Collected data
-*-*-

(* In the sequent calculus $NL^{\Rightarrow}$: if $\vdash_n\Sigma;\Gamma\Rightarrow\Delta$ and $\Sigma\le\Sigma'$, then $\vdash_n\Sigma';\Gamma\Rightarrow\Delta$.
   Context: Types $\tau ::= \delta \mid \nu \mid \langle\nu\rangle\tau$ ($\delta$ data types, $\nu$ name types). Terms $t ::= x \mid \mathsf{a} \mid c \mid f(\vec t)$ over variables $x$ and a disjoint countably infinite set of name-symbols $\mathsf a$; the signature contains, for all $\nu,\tau$, swapping $(a\;b)\cdot t$, abstraction $\langle a\rangle t$, equality $t\approx u$, freshness $a\#t$, besides constants $c$, function symbols $f$, relation symbols $p$. Formulas: $\top,\bot$, atoms, $\wedge,\vee,\supset,\forall x{:}\tau,\exists x{:}\tau$, and $\mathsf N\mathsf a{:}\nu.\phi$ (binding the name-symbol $\mathsf a$). Contexts $\Sigma::=\cdot\mid\Sigma,x{:}\tau\mid\Sigma\#\mathsf a{:}\nu$ (no symbol twice; $\Sigma\#\mathsf a{:}\nu$ means $\mathsf a$ is fresh for everything in $\Sigma$); $Tm_\Sigma$ = terms well-typed in $\Sigma$; $|\cdot|=\emptyset$, $|\Sigma,x{:}\tau|=|\Sigma|$, $|\Sigma\#\mathsf a{:}\nu|=|\Sigma|\cup\{\mathsf a\#t\mid t\in Tm_\Sigma\}$. $\Sigma\le\Sigma'$ means $Tm_\Sigma\subseteq Tm_{\Sigma'}$ and $|\Sigma|\subseteq|\Sigma'|$. Rules of $NL^{\Rightarrow}$ for $\Sigma;\Gamma\Rightarrow\Delta$: (i) classical G3c rules: initial sequents $\Sigma;\Gamma,P\Rightarrow P,\Delta$ ($P$ atomic), $\top R$, $\bot L$, context-sharing left/right rules for $\wedge,\vee,\supset,\forall,\exists$ (eigenvariables $x\notin\Sigma$ added to $\Sigma$, instantiating terms well-typed in $\Sigma$); (ii) $\mathsf N R$: from $\Sigma\#\mathsf a{:}\nu;\Gamma\Rightarrow\phi,\Delta$ infer $\Sigma;\Gamma\Rightarrow\mathsf N\mathsf a{:}\nu.\phi,\Delta$; $\mathsf N L$: from $\Sigma\#\mathsf a{:}\nu;\Gamma,\phi\Rightarrow\Delta$ infer $\Sigma;\Gamma,\mathsf N\mathsf a{:}\nu.\phi\Rightarrow\Delta$ ($\mathsf a\notin\Sigma$); (iii) nonlogical rules: $\approx R$: from $\Sigma;\Gamma,t\approx t\Rightarrow\Delta$ infer $\Sigma;\Gamma\Rightarrow\Delta$; $\approx S$: from $\Sigma;\Gamma,t\approx u,P(t),P(u)\Rightarrow\Delta$ infer $\Sigma;\Gamma,t\approx u,P(t)\Rightarrow\Delta$; for each instance $\bigwedge_j P_j\supset\bigvee_{i\le m}Q_i$ of (S1) $(a\;a)\cdot x\approx x$, (S2) $(a\;b)\cdot(a\;b)\cdot x\approx x$, (S3) $(a\;b)\cdot a\approx b$, (E1) $(a\;b)\cdot c\approx c$, (E2) $(a\;b)\cdot f(\vec t)\approx f((a\;b)\cdot\vec t)$, (E3) $p(\vec t)\supset p((a\;b)\cdot\vec t)$, (F1) $a\#x\wedge b\#x\supset(a\;b)\cdot x\approx x$, (F2) $a\#b$ ($a,b$ of distinct name types), (F3) $a\#a\supset\bot$, (F4) $a\#b\vee a\approx b$, (A1) $a\#y\wedge x\approx(a\;b)\cdot y\supset\langle a\rangle x\approx\langle b\rangle y$ (arbitrary well-typed terms), the rule: from $\Sigma;\Gamma,\vec P,Q_i\Rightarrow\Delta$ for all $i$ infer $\Sigma;\Gamma,\vec P\Rightarrow\Delta$; (A2) from $\Sigma;\Gamma,E,a\approx b,t\approx u\Rightarrow\Delta$ and $\Sigma;\Gamma,E,a\#u,t\approx(a\;b)\cdot u\Rightarrow\Delta$ infer $\Sigma;\Gamma,E\Rightarrow\Delta$, $E$ being $\langle a\rangle t\approx\langle b\rangle u$; (A3) from $\Sigma\vdash t:\langle\nu\rangle\sigma$ and $\Sigma,a{:}\nu,x{:}\sigma;\Gamma,t\approx\langle a\rangle x\Rightarrow\Delta$ ($a,x\notin\Sigma$) infer $\Sigma;\Gamma\Rightarrow\Delta$; (F) from $\Sigma\#\mathsf a{:}\nu;\Gamma\Rightarrow\Delta$ ($\mathsf a\notin\Sigma$) infer $\Sigma;\Gamma\Rightarrow\Delta$; ($\Sigma\#$) from $\Sigma;\Gamma,\mathsf a\#t\Rightarrow\Delta$ with $\mathsf a\#t\in|\Sigma|$ infer $\Sigma;\Gamma\Rightarrow\Delta$. $\vdash_n J$ means $J$ has a derivation of height at most $n$. *)

theory Defs
  imports "HOL-Library.Multiset"
begin

section \<open>Syntax of nominal logic (locally nameless representation of binders)\<close>

type_synonym dtype = nat
type_synonym ntype = nat
type_synonym var = nat
type_synonym nsym = nat    (* name-symbols a (disjoint from variables) *)

datatype ty = TData dtype | TName ntype | TAbs ntype ty

(* Terms. BVar i / BNSym i are de Bruijn indices for variables bound by
   forall/exists resp. name-symbols bound by the N-quantifier. *)
datatype trm =
    Var var | BVar nat
  | NSym nsym | BNSym nat
  | Const nat
  | Fn nat "trm list"
  | Swap trm trm trm
  | Abst trm trm

datatype atm = Rel nat "trm list" | Eq trm trm | Fr trm trm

-*-*-

● **Exercise goal**:
Output the data in full, please, exactly as written.

● **Answer to this task**:
(* In the sequent calculus $NL^{\Rightarrow}$: if $\vdash_n\Sigma;\Gamma\Rightarrow\Delta$ and $\Sigma\le\Sigma'$, then $\vdash_n\Sigma';\Gamma\Rightarrow\Delta$.
   Context: Types $\tau ::= \delta \mid \nu \mid \langle\nu\rangle\tau$ ($\delta$ data types, $\nu$ name types). Terms $t ::= x \mid \mathsf{a} \mid c \mid f(\vec t)$ over variables $x$ and a disjoint countably infinite set of name-symbols $\mathsf a$; the signature contains, for all $\nu,\tau$, swapping $(a\;b)\cdot t$, abstraction $\langle a\rangle t$, equality $t\approx u$, freshness $a\#t$, besides constants $c$, function symbols $f$, relation symbols $p$. Formulas: $\top,\bot$, atoms, $\wedge,\vee,\supset,\forall x{:}\tau,\exists x{:}\tau$, and $\mathsf N\mathsf a{:}\nu.\phi$ (binding the name-symbol $\mathsf a$). Contexts $\Sigma::=\cdot\mid\Sigma,x{:}\tau\mid\Sigma\#\mathsf a{:}\nu$ (no symbol twice; $\Sigma\#\mathsf a{:}\nu$ means $\mathsf a$ is fresh for everything in $\Sigma$); $Tm_\Sigma$ = terms well-typed in $\Sigma$; $|\cdot|=\emptyset$, $|\Sigma,x{:}\tau|=|\Sigma|$, $|\Sigma\#\mathsf a{:}\nu|=|\Sigma|\cup\{\mathsf a\#t\mid t\in Tm_\Sigma\}$. $\Sigma\le\Sigma'$ means $Tm_\Sigma\subseteq Tm_{\Sigma'}$ and $|\Sigma|\subseteq|\Sigma'|$. Rules of $NL^{\Rightarrow}$ for $\Sigma;\Gamma\Rightarrow\Delta$: (i) classical G3c rules: initial sequents $\Sigma;\Gamma,P\Rightarrow P,\Delta$ ($P$ atomic), $\top R$, $\bot L$, context-sharing left/right rules for $\wedge,\vee,\supset,\forall,\exists$ (eigenvariables $x\notin\Sigma$ added to $\Sigma$, instantiating terms well-typed in $\Sigma$); (ii) $\mathsf N R$: from $\Sigma\#\mathsf a{:}\nu;\Gamma\Rightarrow\phi,\Delta$ infer $\Sigma;\Gamma\Rightarrow\mathsf N\mathsf a{:}\nu.\phi,\Delta$; $\mathsf N L$: from $\Sigma\#\mathsf a{:}\nu;\Gamma,\phi\Rightarrow\Delta$ infer $\Sigma;\Gamma,\mathsf N\mathsf a{:}\nu.\phi\Rightarrow\Delta$ ($\mathsf a\notin\Sigma$); (iii) nonlogical rules: $\approx R$: from $\Sigma;\Gamma,t\approx t\Rightarrow\Delta$ infer $\Sigma;\Gamma\Rightarrow\Delta$; $\approx S$: from $\Sigma;\Gamma,t\approx u,P(t),P(u)\Rightarrow\Delta$ infer $\Sigma;\Gamma,t\approx u,P(t)\Rightarrow\Delta$; for each instance $\bigwedge_j P_j\supset\bigvee_{i\le m}Q_i$ of (S1) $(a\;a)\cdot x\approx x$, (S2) $(a\;b)\cdot(a\;b)\cdot x\approx x$, (S3) $(a\;b)\cdot a\approx b$, (E1) $(a\;b)\cdot c\approx c$, (E2) $(a\;b)\cdot f(\vec t)\approx f((a\;b)\cdot\vec t)$, (E3) $p(\vec t)\supset p((a\;b)\cdot\vec t)$, (F1) $a\#x\wedge b\#x\supset(a\;b)\cdot x\approx x$, (F2) $a\#b$ ($a,b$ of distinct name types), (F3) $a\#a\supset\bot$, (F4) $a\#b\vee a\approx b$, (A1) $a\#y\wedge x\approx(a\;b)\cdot y\supset\langle a\rangle x\approx\langle b\rangle y$ (arbitrary well-typed terms), the rule: from $\Sigma;\Gamma,\vec P,Q_i\Rightarrow\Delta$ for all $i$ infer $\Sigma;\Gamma,\vec P\Rightarrow\Delta$; (A2) from $\Sigma;\Gamma,E,a\approx b,t\approx u\Rightarrow\Delta$ and $\Sigma;\Gamma,E,a\#u,t\approx(a\;b)\cdot u\Rightarrow\Delta$ infer $\Sigma;\Gamma,E\Rightarrow\Delta$, $E$ being $\langle a\rangle t\approx\langle b\rangle u$; (A3) from $\Sigma\vdash t:\langle\nu\rangle\sigma$ and $\Sigma,a{:}\nu,x{:}\sigma;\Gamma,t\approx\langle a\rangle x\Rightarrow\Delta$ ($a,x\notin\Sigma$) infer $\Sigma;\Gamma\Rightarrow\Delta$; (F) from $\Sigma\#\mathsf a{:}\nu;\Gamma\Rightarrow\Delta$ ($\mathsf a\notin\Sigma$) infer $\Sigma;\Gamma\Rightarrow\Delta$; ($\Sigma\#$) from $\Sigma;\Gamma,\mathsf a\#t\Rightarrow\Delta$ with $\mathsf a\#t\in|\Sigma|$ infer $\Sigma;\Gamma\Rightarrow\Delta$. $\vdash_n J$ means $J$ has a derivation of height at most $n$. *)

theory Defs
  imports "HOL-Library.Multiset"
begin

section \<open>Syntax of nominal logic (locally nameless representation of binders)\<close>

type_synonym dtype = nat
type_synonym ntype = nat
type_synonym var = nat
type_synonym nsym = nat    (* name-symbols a (disjoint from variables) *)

datatype ty = TData dtype | TName ntype | TAbs ntype ty

(* Terms. BVar i / BNSym i are de Bruijn indices for variables bound by
   forall/exists resp. name-symbols bound by the N-quantifier. *)
datatype trm =
    Var var | BVar nat
  | NSym nsym | BNSym nat
  | Const nat
  | Fn nat "trm list"
  | Swap trm trm trm
  | Abst trm trm

datatype atm = Rel nat "trm list" | Eq trm trm | Fr trm trm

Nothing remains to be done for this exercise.